Black Joe Lewis: Close to the Bone

Black Joe Lewis: Close to the Bone

The Atlantic Records-style vinyl single Walter Daniels is so crazy over features Black Joe Lewis & Cool Breeze. Lewis is a 24-year-old singer-guitarist who's been in Austin four years – his second time to live here – and prefers 90-degree nights to the cool November afternoon on the Drag. He's tall and lanky, handsome and personable, and refreshing to talk with as he cites a love for James Brown and Lightnin' Hopkins. Most musicians his age would pepper their influences with Snoop Dogg and Dr. Dre, but like Daniels, Lewis cuts close to the bone.

"Blues is like something that's gonna catch on fire and blow up." says Lewis. "It's true, blues seems so dead, but if the audiences just hear this music. ... Like at the shows, we get a lot of punk rockers, but I played at TC's Lounge and they warmed up to it, too. And that's not a young crowd there."
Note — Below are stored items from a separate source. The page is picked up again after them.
(* Let $\mathcal{F}$, $S(f)$ and $C(f)$ ($f\in\mathcal{F}$) be as in the context, and let $\{V\}\cup\{A_\beta:\beta<\mathfrak{c}\}$ be a pairwise disjoint family of Bernstein sets in $(0,1)$, all disjoint from $\mathbb{Q}$, such that for every $f\in\mathcal{F}$ with $|f[S(f)]|=\mathfrak{c}$ and every $\beta<\mathfrak{c}$ both $C(f)\cap A_\beta$ and $f[C(f)\cap A_\beta]\cap V$ have cardinality $\mathfrak{c}$. Let $X$ and $Y$ be subsets of $(0,1)$ such that $\mathbb{Q}\cap(0,1)\subseteq X$ and such that there is an $\alpha<\mathfrak{c}$ with $A_\alpha\subseteq X$ and $Y\cap(A_\alpha\cup V)=\emptyset$. Then every continuous map $s:\mathbb{A}_X\to\mathbb{A}_Y$ has countable range.
   Context: $\mathfrak{c}=2^{\aleph_0}$. $\mathcal{F}$ is the set of all functions $f$ such that $\operatorname{dom} f$ is a co-countable subset of $[0,1]$ and $f:\operatorname{dom} f\to[0,1]$ is continuous; $S(f)=\{x\in\operatorname{dom} f:f(x)\neq x\}$, and for each $f\in\mathcal{F}$ a subset $C(f)\subseteq\operatorname{dom} f$ is fixed such that $f$ restricted to $C(f)$ is a bijection onto $f[S(f)]$. A Bernstein set in $[0,1]$ is a set $A$ such that both $A$ and its complement meet every uncountable closed subset of $[0,1]$. Let $D=([0,1]\times\{0,1\})\setminus\{\langle 0,0\rangle,\langle 0,1\rangle\}$, ordered lexicographically. For $X\subseteq(0,1)$ let $\mathbb{A}_X=\{\langle x,i\rangle\in D: x\in X\Rightarrow i=0\}$ (so only points of $(0,1)\setminus X$ are split into two copies), with the order topology of the lexicographic order; points $x\in X$ are identified with $\langle x,0\rangle$. *)

theory Defs
  imports "HOL-Analysis.Analysis" "HOL-Library.Equipollence"
begin

definition bernstein :: "real set \<Rightarrow> bool" where
  "bernstein A \<longleftrightarrow> (\<forall>K. closed K \<and> K \<subseteq> {0..1} \<and> uncountable K \<longrightarrow>
      A \<inter> K \<noteq> {} \<and> ({0..1} - A) \<inter> K \<noteq> {})"

definition in_F :: "real set \<Rightarrow> (real \<Rightarrow> real) \<Rightarrow> bool" where
  "in_F D f \<longleftrightarrow> D \<subseteq> {0..1} \<and> countable ({0..1} - D) \<and>
      continuous_on D f \<and> f ` D \<subseteq> {0..1}"

definition S_set :: "real set \<Rightarrow> (real \<Rightarrow> real) \<Rightarrow> real set" where
  "S_set D f = {x \<in> D. f x \<noteq> x}"

definition card_c :: "'a set \<Rightarrow> bool" where
  "card_c A \<longleftrightarrow> A \<approx> (UNIV :: real set)"

definition Dlex :: "(real \<times> nat) set" where
  "Dlex = ({0..1} \<times> {0,1}) - {(0,0),(0,1)}"

definition lex_less :: "real \<times> nat \<Rightarrow> real \<times> nat \<Rightarrow> bool" where
  "lex_less p q \<longleftrightarrow> fst p < fst q \<or> (fst p = fst q \<and> snd p < snd q)"

definition AA :: "real set \<Rightarrow> (real \<times> nat) set" where
  "AA X = {p \<in> Dlex. fst p \<in> X \<longrightarrow> snd p = 0}"

definition AA_top :: "real set \<Rightarrow> (real \<times> nat) topology" where
  "AA_top X = topology_generated_by
     (insert (AA X) ({{p \<in> AA X. lex_less p a} | a. a \<in> AA X} \<union>
                     {{p \<in> AA X. lex_less a p} | a. a \<in> AA X}))"

end

(* Let g x be the first coordinate of s (x, 0).  Continuity of s forces s (x, 0) and s (x, 1)
   to have the same first coordinate except at countably many x, and g is continuous on the
   co-countable set D of the remaining points, so g belongs to F.

   If x is in X, the point x is not split in A_X; if moreover g x is not in Y, then g x is
   split in A_Y, and the open ray below (g x, 1) or above (g x, 0) pulls back to a two-sided
   neighbourhood of x.  Hence g has a local extremum at x, and there are only countably many
   local extreme values.  As A_alpha is contained in X and V is disjoint from Y, the values of
   g on C(g) and A_alpha that lie in V form a countable set, so g[S(g)] has size less than
   continuum.  The fixed points of g are countable as well: otherwise their closure is an
   uncountable closed set, and the Bernstein set A_alpha meets it outside any given countable
   set, in a fixed point that is a local extreme value.

   Finally, the first coordinates of the range of s form a countable union of compact sets.
   If they were uncountable, they would contain continuum many values avoiding the fixed
   points and the countably many exceptional values; but all such values lie in g[S(g)]. *)

theory Submission
  imports Defs
begin

section \<open>Countability via rational labels\<close>

lemma countable_by_unique_labels:
  assumes "countable L"
    and "\<And>z. z \<in> Z \<Longrightarrow> \<exists>l\<in>L. P l z"
    and "\<And>l z w. z \<in> Z \<Longrightarrow> w \<in> Z \<Longrightarrow> P l z \<Longrightarrow> P l w \<Longrightarrow> z = w"
  shows "countable Z"
proof -
  obtain f where f: "\<And>z. z \<in> Z \<Longrightarrow> f z \<in> L \<and> P (f z) z"
    using assms(2) by metis
  then have "inj_on f Z"
    using assms(3) by (metis inj_onI)
  moreover have "countable (f ` Z)"
    using f assms(1) by (meson countable_subset image_subsetI)
  ultimately show ?thesis
    using countable_image_inj_on by blast
qed

definition local_extreme_values :: "('a \<Rightarrow> 'a \<Rightarrow> bool) \<Rightarrow> (real \<Rightarrow> 'a) \<Rightarrow> real set \<Rightarrow> 'a set" where
  "local_extreme_values R g T =
     {g x | x. x \<in> T \<and> (\<exists>a b. a < x \<and> x < b \<and> (\<forall>z\<in>T. a < z \<and> z < b \<longrightarrow> R (g z) (g x)))}"

lemma countable_local_extreme_values:
  assumes "\<And>u v. R u v \<Longrightarrow> R v u \<Longrightarrow> u = v"
  shows "countable (local_extreme_values R g T)"
proof (rule countable_by_unique_labels[OF countable_SIGMA[OF countable_rat countable_rat]])
  let ?P = "\<lambda>(a, b) v. \<exists>x\<in>T. v = g x \<and> a < x \<and> x < b \<and> (\<forall>z\<in>T. a < z \<and> z < b \<longrightarrow> R (g z) (g x))"
  show "\<exists>l\<in>\<rat> \<times> \<rat>. ?P l v" if v: "v \<in> local_extreme_values R g T" for v
  proof -
    obtain x a b where x: "v = g x" "x \<in> T" "a < x" "x < b" "\<forall>z\<in>T. a < z \<and> z < b \<longrightarrow> R (g z) (g x)"
      using v unfolding local_extreme_values_def by blast
    obtain a' where "a' \<in> \<rat>" "a < a'" "a' < x"
      using Rats_dense_in_real x(3) by blast
    moreover obtain b' where "b' \<in> \<rat>" "x < b'" "b' < b"
      using Rats_dense_in_real x(4) by blast
    ultimately show ?thesis
      using x by (intro bexI[of _ "(a', b')"]) auto
  qed
  show "v = w" if "?P l v" "?P l w" for l v w
    using that assms by (cases l) auto
qed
A stylistic gulf exists between the Southern gospel funk of Brown and Hopkins' earthy Texas blues, but Lewis finds it easy to bridge using the Weary Boys. That's right, the Weary Boys, local heirs to rootsy bluegrass, three of whom played with Daniels on Lewis' record. Its four tracks jump from the shadows and confront the listener with the past in the present. Daniels praises Lewis' "talking blues," a distinctive honk and shout that definitely owes to the Godfather of Soul.

"I'll listen to Buddy Guy, but with others, I get tired of it real quick," points out Daniels. "With Joe, it was his spontaneity and energy. Real drive. He's a great singer. And I can get down and blow, and play some sax, too."

As one of the godchildren to perpetuate that vocal style without hip-hop or rap frills, Lewis is fully aware of his position. "At first, I wanted to be more of a guitar player, but I got better at singing the blues. I like playing guitar, but I'm not the best. One of my strongest points is making stuff up."

He's also trying his hand with songwriting, penning two of the four songs on the record. "I want to keep the blues more like Hubert Sumlin and Hound Dog Taylor. I like to keep it raw and loud."

Yet as Daniels framed the record art in a historical context, it's clear both men understand what vinyl represents. For Lewis, the meaning is especially significant.

"I was surprised we went with vinyl, but I like it. People say there's not a lot of interest in vinyl records anymore, but everyone I know has them. I didn't have the money to make anything that good on a CD so that's awesome they did it on vinyl. It just sounds better. And it looks way cool. I couldn't put something like that out on CD."